5.2. pH-Induced Color Changes

The color of curcumin solutions depends on the protonation state of the three hydroxyl groups and therefore changes with pH (Figure 2). From pH 2 to 7, all of the hydroxyl groups are protonated, and the curcumin appears golden yellow, which is the case in most foods. From pH 7 to 8.5, the enolic hydroxyl group becomes progressively deprotonated, causing the curcumin to change to a more brownish-orangey color. At still higher pH values, the other two phenolic hydroxyl groups become deprotonated, causing the curcumin to have a more reddish color [4,13,53]. The chemical state of curcumin under specific solution conditions can therefore be elucidated by measuring the UV-visible absorption spectrum [4]. It should be noted that curcumin chemically degrades under alkaline conditions, which causes changes in its color.

5.3. Chemical Degradation

5.3.1. Alkaline Degradation

As mentioned earlier, the water solubility of curcumin increases under alkaline conditions, which contributes to an increased rate of chemical decomposition.

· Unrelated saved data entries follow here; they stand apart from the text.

(* There exists $c>0$ such that for every even $n$, the number $a_n$ of squared walks of length $n$ satisfies $a_n\ge\mu^n e^{-c\sqrt n}$.
   Context: Work on $\mathbb Z^2$ with nearest-neighbour edges. A self-avoiding walk is a nearest-neighbour path $\gamma_0,\dots,\gamma_n$ visiting no vertex twice; $n$ is its length. $\mu=\lim_n c_n^{1/n}$ is the connective constant, $c_n$ being the number of $n$-step self-avoiding walks from the origin. A squared walk (of span $k$) of length $n$ is an $n$-step self-avoiding walk with $\gamma_0=(0,0)$, $\gamma_n=(k,k)$ and all its vertices in $[0,k]^2$, for some integer $k\ge0$; $a_n$ counts squared walks of length $n$ over all spans $k$. *)

theory Defs
  imports Complex_Main
begin

type_synonym pt = "int \<times> int"

definition adjacent :: "pt \<Rightarrow> pt \<Rightarrow> bool" where
  "adjacent p q \<longleftrightarrow> \<bar>fst p - fst q\<bar> + \<bar>snd p - snd q\<bar> = 1"

definition saw :: "nat \<Rightarrow> pt list \<Rightarrow> bool" where
  "saw n w \<longleftrightarrow> length w = n + 1 \<and> w ! 0 = (0, 0) \<and> distinct w \<and>
     (\<forall>i<n. adjacent (w ! i) (w ! Suc i))"

definition c_num :: "nat \<Rightarrow> nat" where
  "c_num n = card {w. saw n w}"

definition conn_const :: real where
  "conn_const = lim (\<lambda>n. root n (real (c_num n)))"

definition squared_walk :: "nat \<Rightarrow> pt list \<Rightarrow> bool" where
  "squared_walk n w \<longleftrightarrow> saw n w \<and>
     (\<exists>k::int. k \<ge> 0 \<and> w ! n = (k, k) \<and>
        (\<forall>p\<in>set w. 0 \<le> fst p \<and> fst p \<le> k \<and> 0 \<le> snd p \<and> snd p \<le> k))"

definition a_num :: "nat \<Rightarrow> nat" where
  "a_num n = card {w. squared_walk n w}"

end

theory Submission
  imports Defs "HOL-Library.Product_Plus"
begin

text \<open>
  The connective constant is the infimum of the c_n^(1/n) (Fekete), so
  mu^n \<le> c_n.  Following Hammersley and Welsh, a walk is repeatedly unfolded:
  the part after its last highest point is reflected upwards.  Every unfolding raises
  the maximal height by the current depth and strictly lowers the depth, so a walk is
  determined by the final walk, which ends at its maximal height, together with a
  partition into distinct parts; there are only exp(O(sqrt n)) of these.  Four
  unfoldings, interleaved with reversal and reflection in the diagonal, turn any walk
  into one from the lower left to the upper right corner of its bounding box.  The endpoint of such a corner walk takes at most (n+1)^2 values; for the most
  frequent endpoint (a, b), gluing a corner walk ending at (a, b) with a translated one
  ending at (b, a) produces a squared walk of length 2n, whence
  a_2n \<ge> (c_n exp(-O(sqrt n)))^2.
\<close>

lemma submultiplicative_power_le:
  fixes f :: "nat \<Rightarrow> real"
  assumes "\<And>m n. f (m + n) \<le> f m * f n" "\<And>n. 0 \<le> f n"
  shows "f (k * q + r) \<le> f k ^ q * f r"
proof (induction q)
  case (Suc q)
  have "f (k * Suc q + r) \<le> f k * f (k * q + r)"
    using assms(1)[of k "k * q + r"] by (simp add: add.assoc)
  also have "\<dots> \<le> f k * (f k ^ q * f r)" using Suc assms(2) by (intro mult_left_mono) auto
  finally show ?case by (simp add: mult.assoc)
qed simp
(* Let $K\ge2$, $\alpha\in(0,\infty)^K$, and let $H:\mathbb{R}^K\to\mathbb{R}$ satisfy (A1)–(A4) below at $\theta^*\in\Delta_{K-1}$. Let $N\in\mathbb{N}$ and $0<\epsilon<\min_{i:\theta^*_i>0}\theta^*_i$. Then there exists $\delta>0$, independent of $\gamma\in(0,1)$, such that for every $\gamma\in(0,1)$, as $n\to\infty$, $$\frac{\mathrm{Bias}(\hat p^\gamma_{\mathrm{IS}})^2}{\mathrm{Var}(\hat p_{\mathrm{MC}})}=O(e^{-2n\delta}).$$
   Context: $\Delta_{K-1}=\{\theta\in\mathbb{R}^K:\theta_i\ge0,\sum_i\theta_i=1\}$; $\mathrm{Dir}_\eta$ is the Dirichlet distribution with density $\frac{1}{B(\eta)}\prod_i\theta_i^{\eta_i-1}$. Target $I(n)=\mathbb{E}_{\mathrm{Dir}_\alpha}[e^{nH(\theta)}]$. $\hat p_{\mathrm{MC}}=\frac1N\sum_{i=1}^Ne^{nH(\theta^{(i)})}$, $\theta^{(i)}$ i.i.d. $\mathrm{Dir}_\alpha$; $\hat p^\gamma_{\mathrm{IS}}=\frac1N\sum_{i=1}^N e^{nH(\theta^{(i)})}\frac{\mathrm{Dir}_\alpha(\theta^{(i)})}{\mathrm{Dir}_{\alpha+n^\gamma\theta^*}(\theta^{(i)})}\mathbf{1}_{\Delta^\epsilon_{K-1}}(\theta^{(i)})$, $\theta^{(i)}$ i.i.d. $\mathrm{Dir}_{\alpha+n^\gamma\theta^*}$, with $\Delta^\epsilon_{K-1}=\{\theta\in\Delta_{K-1}:\theta_i\ge\epsilon\text{ whenever }\theta^*_i>0\}$. $\mathrm{Bias}(\hat p)=\mathbb{E}[\hat p]-I(n)$. Conditions, with $Z=\{i:\theta^*_i=0\}$: (A1) $H$ attains its maximum over $\Delta_{K-1}$ only at $\theta^*$. (A2) $H$ is continuous on $\Delta_{K-1}$ and $C^2$ near $\theta^*$. There are unique KKT multipliers $\lambda_i\ge0$ ($i\in Z$), $\mu$ with $\nabla H(\theta^* )=-\sum_{i\in Z}\lambda_ie_i+\mu\mathbf{1}_K$. (A3) $\lambda_i>0$ for $i\in Z$. (A4) $d^\top\nabla^2H(\theta^* )d<0$ for all nonzero $d$ with $\mathbf{1}_K^\top d=0$, $d_i=0$ ($i\in Z$). *)

theory Defs
  imports "HOL-Probability.Probability" "HOL-Library.Landau_Symbols"
begin

text \<open>Coordinates of R^K are indexed by the type 'm option, so K = CARD('m) + 1 \<ge> 2.
  The coordinate None plays the role of the last coordinate theta_K = 1 - sum of the others.\<close>

definition prob_simplex :: "(real ^ ('m::finite option)) set" where
  "prob_simplex = {\<theta>. (\<forall>i. 0 \<le> \<theta> $ i) \<and> (\<Sum>i\<in>UNIV. \<theta> $ i) = 1}"

definition simplex_emb :: "real ^ ('m::finite) \<Rightarrow> real ^ ('m option)" where
  "simplex_emb y = (\<chi> i. case i of None \<Rightarrow> 1 - (\<Sum>j\<in>UNIV. y $ j) | Some j \<Rightarrow> y $ j)"

definition dir_beta :: "real ^ ('m::finite option) \<Rightarrow> real" where
  "dir_beta \<eta> = (\<Prod>i\<in>UNIV. Gamma (\<eta> $ i)) / Gamma (\<Sum>i\<in>UNIV. \<eta> $ i)"

text \<open>Dirichlet density (w.r.t. Lebesgue measure in the first K-1 coordinates), zero off the prob_simplex.\<close>
definition dir_pdf :: "real ^ ('m::finite option) \<Rightarrow> real ^ ('m option) \<Rightarrow> real" where
  "dir_pdf \<eta> \<theta> = (if \<theta> \<in> prob_simplex
      then (\<Prod>i\<in>UNIV. (\<theta> $ i) powr (\<eta> $ i - 1)) / dir_beta \<eta> else 0)"

definition dirichlet :: "real ^ ('m::finite option) \<Rightarrow> (real ^ ('m option)) measure" where
  "dirichlet \<eta> = distr (density lborel (\<lambda>y. ennreal (dir_pdf \<eta> (simplex_emb y)))) borel simplex_emb"

definition dir_sample :: "nat \<Rightarrow> real ^ ('m::finite option) \<Rightarrow> (nat \<Rightarrow> real ^ ('m option)) measure" where
  "dir_sample N \<eta> = PiM {..<N} (\<lambda>_. dirichlet \<eta>)"

definition Expect :: "'a measure \<Rightarrow> ('a \<Rightarrow> real) \<Rightarrow> real" where
  "Expect M X = (\<integral>x. X x \<partial>M)"

definition Var :: "'a measure \<Rightarrow> ('a \<Rightarrow> real) \<Rightarrow> real" where
  "Var M X = (\<integral>x. (X x - Expect M X)\<^sup>2 \<partial>M)"

definition I_target :: "(real ^ ('m::finite option) \<Rightarrow> real) \<Rightarrow> real ^ ('m option) \<Rightarrow> nat \<Rightarrow> real" where
  "I_target H \<alpha> n = Expect (dirichlet \<alpha>) (\<lambda>\<theta>. exp (real n * H \<theta>))"

definition p_MC :: "(real ^ ('m::finite option) \<Rightarrow> real) \<Rightarrow> nat \<Rightarrow> nat \<Rightarrow> (nat \<Rightarrow> real ^ ('m option)) \<Rightarrow> real" where
  "p_MC H N n \<omega> = (\<Sum>i<N. exp (real n * H (\<omega> i))) / real N"

definition trunc_simplex :: "real ^ ('m::finite option) \<Rightarrow> real \<Rightarrow> (real ^ ('m option)) set" where
  "trunc_simplex \<theta>s \<epsilon> = {\<theta> \<in> prob_simplex. \<forall>i. 0 < \<theta>s $ i \<longrightarrow> \<epsilon> \<le> \<theta> $ i}"

definition IS_param :: "real ^ ('m::finite option) \<Rightarrow> real ^ ('m option) \<Rightarrow> real \<Rightarrow> nat \<Rightarrow> real ^ ('m option)" where
  "IS_param \<alpha> \<theta>s \<gamma> n = \<alpha> + (real n powr \<gamma>) *\<^sub>R \<theta>s"

definition p_IS :: "(real ^ ('m::finite option) \<Rightarrow> real) \<Rightarrow> real ^ ('m option) \<Rightarrow> real ^ ('m option)
     \<Rightarrow> real \<Rightarrow> real \<Rightarrow> nat \<Rightarrow> nat \<Rightarrow> (nat \<Rightarrow> real ^ ('m option)) \<Rightarrow> real" where
  "p_IS H \<alpha> \<theta>s \<epsilon> \<gamma> N n \<omega> = (\<Sum>i<N. exp (real n * H (\<omega> i))
       * (dir_pdf \<alpha> (\<omega> i) / dir_pdf (IS_param \<alpha> \<theta>s \<gamma> n) (\<omega> i))
       * indicator (trunc_simplex \<theta>s \<epsilon>) (\<omega> i)) / real N"

definition bias_IS where
  "bias_IS H \<alpha> \<theta>s \<epsilon> \<gamma> N n =
     Expect (dir_sample N (IS_param \<alpha> \<theta>s \<gamma> n)) (p_IS H \<alpha> \<theta>s \<epsilon> \<gamma> N n) - I_target H \<alpha> n"

definition var_MC where
  "var_MC H \<alpha> N n = Var (dir_sample N \<alpha>) (p_MC H N n)"

end

theory Submission
  imports Defs
begin

text \<open>The importance sampling estimator is unbiased for the integral of \<open>e\<^sup>n\<^sup>H\<close> over the truncated
  simplex, so its bias is minus the integral over the removed part. By compactness and (A1), \<open>H\<close>
  stays below some \<open>H\<^sub>1 < H(\<theta>*)\<close> there, whence \<open>|Bias| \<le> e\<^sup>n\<^sup>H\<^sup>1\<close> for every \<open>\<gamma>\<close>. On the other hand the
  Dirichlet law charges every relatively open subset of the simplex, so \<open>I(n)\<close> is at least of
  order \<open>e\<^sup>n\<^sup>c\<close> for every \<open>c < H(\<theta>*)\<close>, while with positive probability all \<open>N\<close> Monte Carlo samples
  fall where \<open>H\<close> is smaller still; on that event the estimator misses \<open>I(n)\<close> by order \<open>e\<^sup>n\<^sup>c\<close>, so
  \<open>Var(p_MC) \<ge> \<kappa> e\<^sup>2\<^sup>n\<^sup>c\<close>. Any \<open>\<delta> < H(\<theta>*) - H\<^sub>1\<close> therefore works. Only (A1) and the continuity of \<open>H\<close>
  on the simplex enter.\<close>

lemma has_integral_Beta_scaled:
  fixes a c s :: real
  assumes a: "0 < a" and c: "0 < c" and s: "0 < s"
  shows "((\<lambda>t. t powr (a - 1) * (s - t) powr (c - 1)) has_integral s powr (a + c - 1) * Beta a c) {0..s}"
proof -
  have "((\<lambda>t. t powr (a - 1) * (1 - t) powr (c - 1)) has_integral Beta a c) (cbox 0 1)"
    using has_integral_Beta_real[OF a c] by simp
  from has_integral_affinity[OF this, of "1/s" 0] s
  have "((\<lambda>x. (x/s) powr (a - 1) * (1 - x/s) powr (c - 1)) has_integral s * Beta a c) ((\<lambda>x. s * x) ` {0..1})"
    by simp
  moreover have "(\<lambda>x. s * x) ` {0..1} = {0..s}"
    using s by (auto simp: image_iff intro!: bexI[where x="_/s"])
  ultimately have "((\<lambda>x. (x/s) powr (a - 1) * (1 - x/s) powr (c - 1)) has_integral s * Beta a c) {0..s}"
    by simp
  then have "((\<lambda>x. (s powr (a - 1) * s powr (c - 1)) * ((x/s) powr (a - 1) * (1 - x/s) powr (c - 1)))
      has_integral (s powr (a - 1) * s powr (c - 1)) * (s * Beta a c)) {0..s}"
    by (rule has_integral_mult_right)
  moreover have "(s powr (a - 1) * s powr (c - 1)) * ((x/s) powr (a - 1) * (1 - x/s) powr (c - 1))
      = x powr (a - 1) * (s - x) powr (c - 1)" if "x \<in> {0..s}" for x
  proof -
    have "1 - x/s = (s - x)/s" using s by (simp add: field_simps)
    then show ?thesis using that s by (simp add: powr_divide)
  qed
  moreover have "(s powr (a - 1) * s powr (c - 1)) * (s * Beta a c) = s powr (a + c - 1) * Beta a c"
    using s by (simp add: powr_add[symmetric] powr_mult_base algebra_simps)
  ultimately show ?thesis by (metis (no_types, lifting) has_integral_eq)
qed

lemma nn_integral_Beta_scaled:
  fixes a c s :: real
  assumes "0 < a" "0 < c" "0 < s"
  shows "(\<integral>\<^sup>+ t. ennreal (indicator {0..s} t * (t powr (a - 1) * (s - t) powr (c - 1))) \<partial>lborel)
           = ennreal (s powr (a + c - 1) * Beta a c)"
proof (rule nn_integral_has_integral_lborel)
  have "(\<lambda>t. indicator {0..s} t * (t powr (a - 1) * (s - t) powr (c - 1)))
      = (\<lambda>t. if t \<in> {0..s} then t powr (a - 1) * (s - t) powr (c - 1) else 0)"
    by (auto simp: indicator_def)
  then show "((\<lambda>t. indicator {0..s} t * (t powr (a - 1) * (s - t) powr (c - 1)))
      has_integral s powr (a + c - 1) * Beta a c) UNIV"
    using has_integral_Beta_scaled[OF assms] by (simp only: has_integral_restrict_UNIV)
qed (simp_all add: indicator_def)

lemma nn_integral_Beta_scaled_cmult:
  fixes a c s C :: real
  assumes a: "0 < a" and c: "0 < c" and s: "0 < s" and C: "0 \<le> C"
  shows "(\<integral>\<^sup>+ t. ennreal (indicator {0..} t * t powr (a - 1)) * ennreal (indicator {..<s} t * ((s - t) powr (c - 1) * C)) \<partial>lborel)
           = ennreal (s powr (a + c - 1) * Beta a c * C)"
proof -
  have "ennreal (indicator {0..} t * t powr (a - 1)) * ennreal (indicator {..<s} t * ((s - t) powr (c - 1) * C))
      = ennreal (indicator {0..s} t * (t powr (a - 1) * (s - t) powr (c - 1))) * ennreal C" for t
  proof -
    have "indicator {0..} t * t powr (a - 1) * (indicator {..<s} t * ((s - t) powr (c - 1) * C))
        = indicator {0..s} t * (t powr (a - 1) * (s - t) powr (c - 1)) * C"
      by (auto simp: indicator_def)
    moreover have "0 \<le> indicator {0..} t * t powr (a - 1)" "0 \<le> indicator {..<s} t * ((s - t) powr (c - 1) * C)"
      "0 \<le> indicator {0..s} t * (t powr (a - 1) * (s - t) powr (c - 1))"
      using C by (auto simp: indicator_def)
    ultimately show ?thesis
      using C by (simp only: ennreal_mult[symmetric])
  qed
  then have "(\<integral>\<^sup>+ t. ennreal (indicator {0..} t * t powr (a - 1)) * ennreal (indicator {..<s} t * ((s - t) powr (c - 1) * C)) \<partial>lborel)
      = (\<integral>\<^sup>+ t. ennreal (indicator {0..s} t * (t powr (a - 1) * (s - t) powr (c - 1))) \<partial>lborel) * ennreal C"
    by (simp add: nn_integral_multc)
  also have "\<dots> = ennreal (s powr (a + c - 1) * Beta a c * C)"
  proof -
    have "0 < Beta a c"
      unfolding Beta_def using a c by (intro divide_pos_pos mult_pos_pos Gamma_real_pos) auto
    then show ?thesis
      unfolding nn_integral_Beta_scaled[OF a c s] using C by (subst ennreal_mult[symmetric]) auto
  qed
  finally show ?thesis .
qed

definition dirichlet_kernel :: "'b set \<Rightarrow> ('b \<Rightarrow> real) \<Rightarrow> real \<Rightarrow> real \<Rightarrow> ('b \<Rightarrow> real) \<Rightarrow> real" where
  "dirichlet_kernel J a b s x = (\<Prod>j\<in>J. indicator {0..} (x j) * x j powr (a j - 1)) *
     (indicator {0..} (s - sum x J) * (s - sum x J) powr (b - 1))"

lemma dirichlet_kernel_nonneg: "0 \<le> dirichlet_kernel J a b s x"
  unfolding dirichlet_kernel_def by (intro mult_nonneg_nonneg prod_nonneg) (auto simp: indicator_def)

lemma dirichlet_kernel_nonpos_total:
  assumes "s \<le> 0"
  shows "dirichlet_kernel J a b s x = 0"
proof (cases "finite J \<and> (\<forall>j\<in>J. 0 \<le> x j)")
  case True
  then have "0 \<le> sum x J" by (simp add: sum_nonneg)
  then have "s - sum x J < 0 \<or> s - sum x J = 0"
    using assms by linarith
  then show ?thesis unfolding dirichlet_kernel_def by (auto simp: indicator_def)
next
  case False
  then consider "infinite J" | j where "finite J" "j \<in> J" "x j < 0"
    by force
  then show ?thesis
  proof cases
    case 1
    then have "s < 0 \<or> s = 0" using assms by linarith
    then show ?thesis using 1 unfolding dirichlet_kernel_def by (auto simp: indicator_def)
  next
    case 2
    then have "(\<Prod>j\<in>J. indicator {0..} (x j) * x j powr (a j - 1)) = (0::real)"
      by (intro prod_zero bexI[of _ j]) (auto simp: indicator_def)
    then show ?thesis unfolding dirichlet_kernel_def by simp
  qed
qed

At pH values around and above the pKa values of its hydroxyl groups, curcumin undergoes rapid hydrolytic degradation, which has been attributed to cleavage of the α, β-unsaturated β-diketone moiety. As a result, the original curcumin molecule is transformed into trans-6-(4′-hydroxy-3′-methoxyphenyl)-2,4-dioxo-5-hexanal, which itself undergoes cleavage reactions to form ferulic acid, feruloylmethane, and vanillin [4,13,53,54] (Figure 2). The color of curcumin fades due to this alkaline degradation reaction. In phosphate buffer solutions, it has been reported that around 90% of curcumin degraded within 15 min of incubation at neutral or alkali conditions, but the molecule was relatively resistant to degradation under acidic conditions [14,55]. The possible degradation of curcumin under neutral and alkaline conditions must therefore be considered when developing curcumin-enriched functional foods.

5.3.2. Photodegradation

Curcumin (crystalline or solubilized) also undergoes chemical degradation when exposed to light, which promotes color fading [56,57]. The photodegradation of curcumin is also initiated at the α, β-unsaturated β-diketone moiety and leads to a variety of reaction products, including p-hydroxybenzaldehyde, vanillin, vanilic acid, ferulic aldehyde, and ferulic acid (Figure 2) [56]. Typically, the crystalline form of curcumin is more stable to photodegradation than the solubilized form, which may be because a higher fraction of the light waves is able to penetrate into a clear solution. Certain reaction products (e.g., vanillin and ferulic acid) have been reported to have some antioxidant and anticancer activities, but they are less potent than the curcumin molecule itself [58,59,60].

5.3.3. Autoxidation

Curcumin may also chemically degrade due to autoxidation reactions that occur spontaneously in aqueous solutions via a radical chain reaction [61,62]. Initially, free radicals in the surrounding solution initiate autoxidation of the phenolic hydroxyls on the curcumin molecule, which results in the formation of an unstable intermediate that breaks down through a series of reactions to form bicyclopentadione [61,63]. This reaction product has been shown to exhibit some anticancer activity but less than that of curcumin itself [63,64].

5.4. Bioavailability

In this section, some of the main factors limiting the bioavailability of curcumin are highlighted (Figure 4).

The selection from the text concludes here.